Exercise details:
Track down each line below containing the string "auto" and copy it.

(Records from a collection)
lemma laplacian_map_eq_Phi:
  assumes "laplacian_map f"
  obtains g c where "C2_fun g" and "Phi (g, c) = f"
proof -
  from assms obtain f' where df: "\<And>x. (f has_derivative f' x) (at x)"
    and cont_f': "\<And>u. continuous_on UNIV (\<lambda>x. f' x u)"
    and sym: "\<And>x u v. f' x u \<bullet> v = f' x v \<bullet> u"
    unfolding laplacian_map_iff by blast
  obtain c where sum_f: "\<And>y. (\<Sum>i\<in>UNIV. f y $ i) = c"
    using laplacian_map_sum_const[OF assms] by blast
  define h where "h v = proj (f (zero_extend v))" for v
  define h' where "h' v = (\<lambda>w. proj (f' (zero_extend v) (zero_extend w)))" for v
  have dh: "(h has_derivative h' v) (at v)" for v
    using has_derivative_compose[OF bounded_linear_imp_has_derivative[OF bounded_linear_zero_extend] df]
    unfolding h_def h'_def by (auto simp: o_def intro: bounded_linear.has_derivative[OF bounded_linear_proj])
  have cont_h': "continuous_on UNIV (\<lambda>v. h' v w)" for w
    unfolding h'_def
    by (intro continuous_on_compose2[OF linear_continuous_on[OF bounded_linear_proj]]
        continuous_on_compose2[OF cont_f'] linear_continuous_on bounded_linear_zero_extend) auto
  have "h' v u \<bullet> w = h' v w \<bullet> u" for v u w
    unfolding h'_def inner_zero_extend[symmetric] by (rule sym)
  from poincare_lemma[OF dh cont_h' this] obtain g where dg: "\<And>v. (g has_derivative (\<lambda>w. h v \<bullet> w)) (at v)"
    by blast
  have "C2_fun g"
    unfolding C2_fun_def C1_map_iff using dg dh cont_h' by blast
  moreover have "Phi (g, c) = f"
  proof
    fix y
    have "f (zero_extend (relcoord y)) = f y"
      unfolding zero_extend_relcoord by (rule laplacian_map_translation_invariant[OF assms])
    then show "Phi (g, c) y = f y"
      by (simp add: Phi_apply gradient_eqI[OF dg] h_def relcoord_adj_proj[OF sum_f])
  qed
  ultimately show thesis by (rule that)
qed

end

theorem corollary4p1:
  assumes "CARD('n::finite) = CARD('m::finite) + 1"
  shows "\<exists>\<Phi> :: ((real^'m \<Rightarrow> real) \<times> real) \<Rightarrow> (real^'n \<Rightarrow> real^'n).
     (\<forall>g c. C2_fun g \<longrightarrow> laplacian_map (\<Phi> (g, c))) \<and>
     (\<forall>g1 g2 c1 c2. C2_fun g1 \<longrightarrow> C2_fun g2 \<longrightarrow>
        \<Phi> (\<lambda>x. g1 x + g2 x, c1 + c2) = (\<lambda>y. \<Phi> (g1, c1) y + \<Phi> (g2, c2) y)) \<and>
     (\<forall>a g c. C2_fun g \<longrightarrow> \<Phi> (\<lambda>x. a * g x, a * c) = (\<lambda>y. a *\<^sub>R \<Phi> (g, c) y)) \<and>
     (\<forall>f. laplacian_map f \<longrightarrow> (\<exists>g c. C2_fun g \<and> \<Phi> (g, c) = f)) \<and>
     (\<forall>g c. C2_fun g \<longrightarrow> (\<Phi> (g, c) = (\<lambda>y. 0) \<longleftrightarrow> (\<exists>k. \<forall>x. g x = k) \<and> c = 0))"
proof -
  obtain n0 :: 'n where True by blast
  have "card (UNIV - {n0}) = CARD('m)" using assms by (simp add: card_Diff_singleton)
  then obtain e :: "'m \<Rightarrow> 'n" where "bij_betw e UNIV (UNIV - {n0})"
    using finite_same_card_bij[of "UNIV :: 'm set" "UNIV - {n0}"] by auto
  then interpret coordinate_split n0 e by unfold_locales
  show ?thesis
  proof (intro exI[of _ Phi] conjI allI impI)
    fix f :: "real^'n \<Rightarrow> real^'n"
    assume "laplacian_map f"
    then show "\<exists>g c. C2_fun g \<and> Phi (g, c) = f" by (metis laplacian_map_eq_Phi)
  qed (simp_all add: laplacian_map_Phi Phi_add Phi_scale Phi_eq_0_iff)
qed

end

Completed task:
    unfolding h_def h'_def by (auto simp: o_def intro: bounded_linear.has_derivative[OF bounded_linear_proj])
        continuous_on_compose2[OF cont_f'] linear_continuous_on bounded_linear_zero_extend) auto
    using finite_same_card_bij[of "UNIV :: 'm set" "UNIV - {n0}"] by auto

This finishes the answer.